На окраине растянутого вдоль шоссе села, где горная речка изломно подмывает к насыпи, шофер-таксист остановил свой лимузин.
— Привал, товарищи, — сказал он, выйдя из машины, и с котелком в руке направился к воде.
— И надолго? — спросил Сергей.
— Минут на пять, не больше. Водички попью да стекло обмою. Разомнитесь малость.
Сергей и Надя вышли на обочину, любуясь природой, остановились у небольшого, круто сбегающего к речке вишневого сада, за которым сейчас же матово белел на солнце каменный дом с голубыми окнами и такого же цвета расписным крыльцом. В саду и окрест держалось зовущее все живое к жизни благословенное тепло. Ничто не двигалось в прозрачном воздухе. Не качалась ни одна веточка, ни один стебелек. Клин журавлей с курлыканьем перевалил через заснеженные горы. В дубках метнулся черный дрозд.
Но вот в доме скрипнула дверь, и в сад сыпанула горласто-крикливая детвора. Впереди шагал с каким-то похожим на ракету монопланом мальчишка лет двенадцати с красным галстуком на шее, за ним курносая полная девчонка лет десяти, а следом двигалась целая ватага босоногой белокурой, темноволосой, разного возраста ребятни. Они прыгали, толкались, что-то просили.
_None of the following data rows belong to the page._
(* Let $s>0$ be real, and let $n\ge2$ and $r\ge1$ be integers. Let $N=\min(n+r,\,2n-1)$. Then there exist a finite graph $G$ that is a vertex-disjoint union of $r$ cycles (so $\mathrm{FvsNum}(G)=r$) and $n$ agents with additive valuations such that no $s$-separated allocation $(A_1,\dots,A_n)$ satisfies $v_i(A_i)\ge\mathrm{MMS}_i^{N-1,s}$ for every $i\in[n]$. The same holds if zero-valued tree components are added to $G$.
   Context: Cake model: the cake is a finite undirected graph $G$ whose edges are segments of positive length; points of $G$ are its vertices and the points on its edges. A piece of cake is a finite union of intervals contained in edges, together possibly with some vertices. A piece $X$ is connected if any two points of $X$ can be joined by a path in $G$ that stays inside $X$. An additive valuation is a nonatomic measure on the cake. Distances: $\mathrm{Dist}^G(x,y)$ is the length of a shortest path along the edges, and is $\infty$ if $x$ and $y$ lie in different components. For sets, $\mathrm{Dist}^G(X,Y)=\inf_{x\in X,y\in Y}\mathrm{Dist}^G(x,y)$. Separation: a $k$-partition is $s$-separated if it consists of $k$ pairwise disjoint connected pieces $P_1,\dots,P_k$ with $\mathrm{Dist}^G(P_i,P_j)\ge s$ for $i\ne j$. An $s$-separated allocation is a vector of connected pieces satisfying the same condition. Maximin share: $\mathrm{MMS}_i^{k,s}=\sup\min_{j\in[k]}v_i(P_j)$, where the supremum ranges over $s$-separated $k$-partitions. $\mathrm{FvsNum}(G)$ is the minimum number of vertices whose removal from $G$ leaves an acyclic graph. *)

theory Defs
  imports "HOL-Analysis.Analysis"
begin

record ('v,'e) cgraph =
  verts :: "'v set"
  edges :: "'e set"
  src   :: "'e \<Rightarrow> 'v"
  tgt   :: "'e \<Rightarrow> 'v"
  elen  :: "'e \<Rightarrow> real"

definition wf_cgraph :: "('v,'e) cgraph \<Rightarrow> bool" where
  "wf_cgraph G \<longleftrightarrow> finite (verts G) \<and> finite (edges G) \<and>
     (\<forall>e\<in>edges G. src G e \<in> verts G \<and> tgt G e \<in> verts G \<and> elen G e > 0)"

text \<open>Points of the cake: vertices, and interior points of edges
  (Pt e t with 0 < t < elen e; edge e is parametrised from src e to tgt e).\<close>
datatype ('v,'e) cpoint = Vtx 'v | Pt 'e real

definition cake_points :: "('v,'e) cgraph \<Rightarrow> ('v,'e) cpoint set" where
  "cake_points G = Vtx ` verts G \<union> {Pt e t | e t. e \<in> edges G \<and> 0 < t \<and> t < elen G e}"

definition loc :: "('v,'e) cgraph \<Rightarrow> 'e \<Rightarrow> real \<Rightarrow> ('v,'e) cpoint" where
  "loc G e t = (if t \<le> 0 then Vtx (src G e) else if elen G e \<le> t then Vtx (tgt G e) else Pt e t)"

definition valid_step :: "('v,'e) cgraph \<Rightarrow> 'e \<times> real \<times> real \<Rightarrow> bool" where
  "valid_step G w = (case w of (e,a,b) \<Rightarrow>
     e \<in> edges G \<and> 0 \<le> a \<and> a \<le> elen G e \<and> 0 \<le> b \<and> b \<le> elen G e)"

definition step_start :: "('v,'e) cgraph \<Rightarrow> 'e \<times> real \<times> real \<Rightarrow> ('v,'e) cpoint" where
  "step_start G w = (case w of (e,a,b) \<Rightarrow> loc G e a)"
Видно, им тоже хотелось ракету понести. Ну хотя бы подержаться за ее перистый, как у рыбы, хвост. Но мальчишка был неумолим. Он гордо нес над головой свое детище с надписью «Доброе — Венера» и никого не подпускал.
— Колхозный детский сад, — кивнул Сергей. — Делом занимаются ребята.
— Ты что, Сережа? Возраст-то какой! Не детсадовский. Это скорей всего Дом пионеров.
— А я спрошу сейчас.
— Да зачем тебе? Вот любопытный!
Сергей остановил мальчишку.
— Это что здесь? — кивнул он в сторону дома. — Детский сад или пионерский дворец?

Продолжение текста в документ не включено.